A typical Sunday for me in my twenties was to take a shower, hear mass and spend the rest of the day with my family and friends. I always look forward to Sundays when my mom would cook special meals for us and when surprise visits from relatives or friends take place. But there was one Sunday that I can never forget. A surprise visit that I wish never came.
It was the most cruel Sunday visitor.
I woke up one Sunday morning in October with a headache. Not the throbbing kind that I would usually get when I’m at work or when I would have to beat so many deadlines in one day. It was a dull, steady pain that I couldn’t tell where it’s coming from. The day went by and the headache didn’t go away. When it was time to call it a night, as soon as I laid down the bed, it happened.
I was breathing but it felt like there was no air coming in or out of my lungs. Then my heart started to race and I felt a chill spreading down to my arms and legs. My last conscious effort was spent in getting up from the bed, grabbing my work ID, purse, and heading to my mom’s room to ask for her help. The rest, as they say, was history.
I had an attack, an episode, a moment – whatever they call it.
So, how do I feel when I’m having an episode? Everything that the books say about Panic Disorder— pounding heart, shortness of breath, chest discomfort, light-headedness, nausea, trembling, hot and cold flashes, paresthesia (numbness or tingling sensations) – all of that, checked. While my body deals with these symptoms, fearful thoughts of losing control or “going crazy”, and impending death plays inside my head over and over again like a broken record. “The body’s natural reaction, the fight or flight response, tells you you need to do something because you’re in danger, but I think in our modern world, even when we aren’t in danger, you might get that same reaction like it’s a life or death situation,” says psychologist Amy Morin.
I read that people can have a panic attack once in their lifetime. I say they’re lucky. On bad days, I get several episodes. They come in waves—I start feeling the symptoms all over again just when I’d think I’m about to overcome a concluding attack. It’s crippling. It’s traumatic. It’s something you wouldn’t even wish on your worst enemy.
“When a panic attack arises, having the tools to handle it is the most important thing.” Perpetua Neo, DClinPsy, suggested. It’s all about managing and coping with help, mainly self-help.

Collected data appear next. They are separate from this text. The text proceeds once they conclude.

(* Let $d\ge 1$ and let $h:\mathbb{R}^d\to\mathbb{R}$ be a continuous, integrable ($\int_{\mathbb{R}^d}|h(\tau)|\,d\tau<\infty$), positive semi-definite function such that $h(\tau)>0$ for all $\tau\in\mathbb{R}^d$. Consider the family $\mathcal{K}_h$ of all functions of the form $$k_K(\tau)=\sum_{k=1}^{K}\alpha_k\, h(\tau\odot\gamma_k)\cos(2\pi\,\omega_k^T\tau),\qquad \tau\in\mathbb{R}^d,$$ where $K\in\mathbb{N}^*=\{1,2,\dots\}$, $\alpha_k\in\mathbb{R}$, $\omega_k\in[0,\infty)^d$ and $\gamma_k\in(0,\infty)^d$. Then $\mathcal{K}_h$ is dense in the set of stationary real-valued kernels on $\mathbb{R}^d$ with respect to pointwise convergence: for every continuous positive semi-definite function $k:\mathbb{R}^d\to\mathbb{R}$ there is a sequence $(k^{(n)})_{n\ge1}$ of elements of $\mathcal{K}_h$ with $k^{(n)}(\tau)\to k(\tau)$ for every $\tau\in\mathbb{R}^d$. *)

theory Defs
  imports "HOL-Analysis.Analysis"
begin

definition psd_fun :: "('a::real_vector \<Rightarrow> real) \<Rightarrow> bool" where
  "psd_fun k \<longleftrightarrow> (\<forall>\<tau>. k (- \<tau>) = k \<tau>) \<and>
     (\<forall>(n::nat) (x::nat \<Rightarrow> 'a) (c::nat \<Rightarrow> real).
        (\<Sum>i<n. \<Sum>j<n. c i * c j * k (x i - x j)) \<ge> 0)"

definition hadamard :: "real^'d \<Rightarrow> real^'d \<Rightarrow> real^'d" where
  "hadamard x y = (\<chi> i. x $ i * y $ i)"

definition kernel_family :: "(real^'d \<Rightarrow> real) \<Rightarrow> (real^'d \<Rightarrow> real) set" where
  "kernel_family h = {f. \<exists>(K::nat) (\<alpha>::nat \<Rightarrow> real) (\<omega>::nat \<Rightarrow> real^'d) (\<gamma>::nat \<Rightarrow> real^'d).
      K \<ge> 1 \<and> (\<forall>k\<in>{1..K}. (\<forall>i. \<omega> k $ i \<ge> 0) \<and> (\<forall>i. \<gamma> k $ i > 0)) \<and>
      f = (\<lambda>\<tau>. \<Sum>k=1..K. \<alpha> k * h (hadamard \<tau> (\<gamma> k)) * cos (2 * pi * (\<omega> k \<bullet> \<tau>)))}"

end

theory Submission
  imports Defs
begin

text \<open>
  Only the evenness of $k$ matters. By Stone--Weierstrass, real trigonometric polynomials are
  uniformly dense on compact sets, and averaging over $\pm\tau$ shows that an even continuous
  function is, on a symmetric compact set, a uniform limit of cosine sums
  $\sum_j a_j \cos(\omega_j \cdot \tau)$. For $\omega \ge 0$ the function $\cos(\omega\cdot\tau)$ is the
  uniform limit of $h(c\tau)/h(0)\,\cos(\omega\cdot\tau) \in \mathcal{K}_h$ as $c \to 0$. A frequency
  $p - q$ with $p, q \ge 0$ is reached from nonnegative frequencies by the binomial expansion
  $e^{-ix} = \sum_n (1 - e^{ix})^n$, which converges uniformly for $|x| \le 1/2$, after splitting
  $q$ into small steps. Approximating on the balls of radius $n$ gives pointwise convergence.
\<close>

definition uniform_closure_on :: "'a set \<Rightarrow> ('a \<Rightarrow> real) set \<Rightarrow> ('a \<Rightarrow> real) set" where
  "uniform_closure_on S F = {g. \<forall>\<epsilon>>0. \<exists>f\<in>F. \<forall>x\<in>S. \<bar>f x - g x\<bar> \<le> \<epsilon>}"

lemma uniform_closure_onE:
  assumes "g \<in> uniform_closure_on S F" "\<epsilon> > 0"
  obtains f where "f \<in> F" "\<And>x. x \<in> S \<Longrightarrow> \<bar>f x - g x\<bar> \<le> \<epsilon>"
  using assms unfolding uniform_closure_on_def by blast

lemma uniform_closure_on_closed:
  assumes "\<And>\<epsilon>. \<epsilon> > 0 \<Longrightarrow> \<exists>f\<in>uniform_closure_on S F. \<forall>x\<in>S. \<bar>f x - g x\<bar> \<le> \<epsilon>"
  shows "g \<in> uniform_closure_on S F"
  unfolding uniform_closure_on_def
proof (intro CollectI allI impI)
  fix \<epsilon> :: real assume "\<epsilon> > 0"
  then obtain f where f: "f \<in> uniform_closure_on S F" "\<forall>x\<in>S. \<bar>f x - g x\<bar> \<le> \<epsilon>/2"
    using assms[of "\<epsilon>/2"] by auto
  obtain f' where f': "f' \<in> F" "\<And>x. x \<in> S \<Longrightarrow> \<bar>f' x - f x\<bar> \<le> \<epsilon>/2"
    using uniform_closure_onE[OF f(1), of "\<epsilon>/2"] \<open>\<epsilon> > 0\<close> by auto
  have "\<bar>f' x - g x\<bar> \<le> \<epsilon>" if "x \<in> S" for x
    using bspec[OF f(2) that] f'(2)[OF that] by linarith
  with f'(1) show "\<exists>f\<in>F. \<forall>x\<in>S. \<bar>f x - g x\<bar> \<le> \<epsilon>"
    by (intro bexI[of _ f']) auto
qed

I’ve managed to lead a close-to-normal life with the help of medicines and therapy. My family, though they’re always around, I can see from their faces the cluelessness to what I am going through. I can see how helpless they are when I am suffering from an episode. Then I noticed how alone I was with this condition. I put my best effort to conform to the norms, but when panic sets in, triggered or random, there is no one else who can help me but me. And as I age, the condition becomes more horrible – more pronounced symptoms and less resiliency to the condition.
This is what I realized.
If there is one thing I wanted to share, it’s the fact that loving myself became a mixture of good and not-so-good changes. I started to listen to my needs more than anyone else’s. I learned to put myself first before others – something that I would never do had I been a normal person, knowing that I love giving. I set expectations bearing in mind that I MUST reach them while I also deal with my panic disorder. It may not be reasonable for the people around me, but I didn’t set these for them. It’s for me and my self-worth that was badly hit when I became “less functional”. I don’t force myself to make others happy at the expense of my mental health. I do things my way when I have to.
This is how I really feel.
I die every time I get a panic episode, but I don’t want to die because that would be a defeat on my part. So I find ways to live over and over again. I don’t expect everybody to understand why I am what I am. At the end of the day, it’s these changes that have put me in a better place.
“Panic attacks cause people to become fearful of future panic attacks, this is known as the Fear of Fear.” Russell Hunter, Psy.D., LCP says.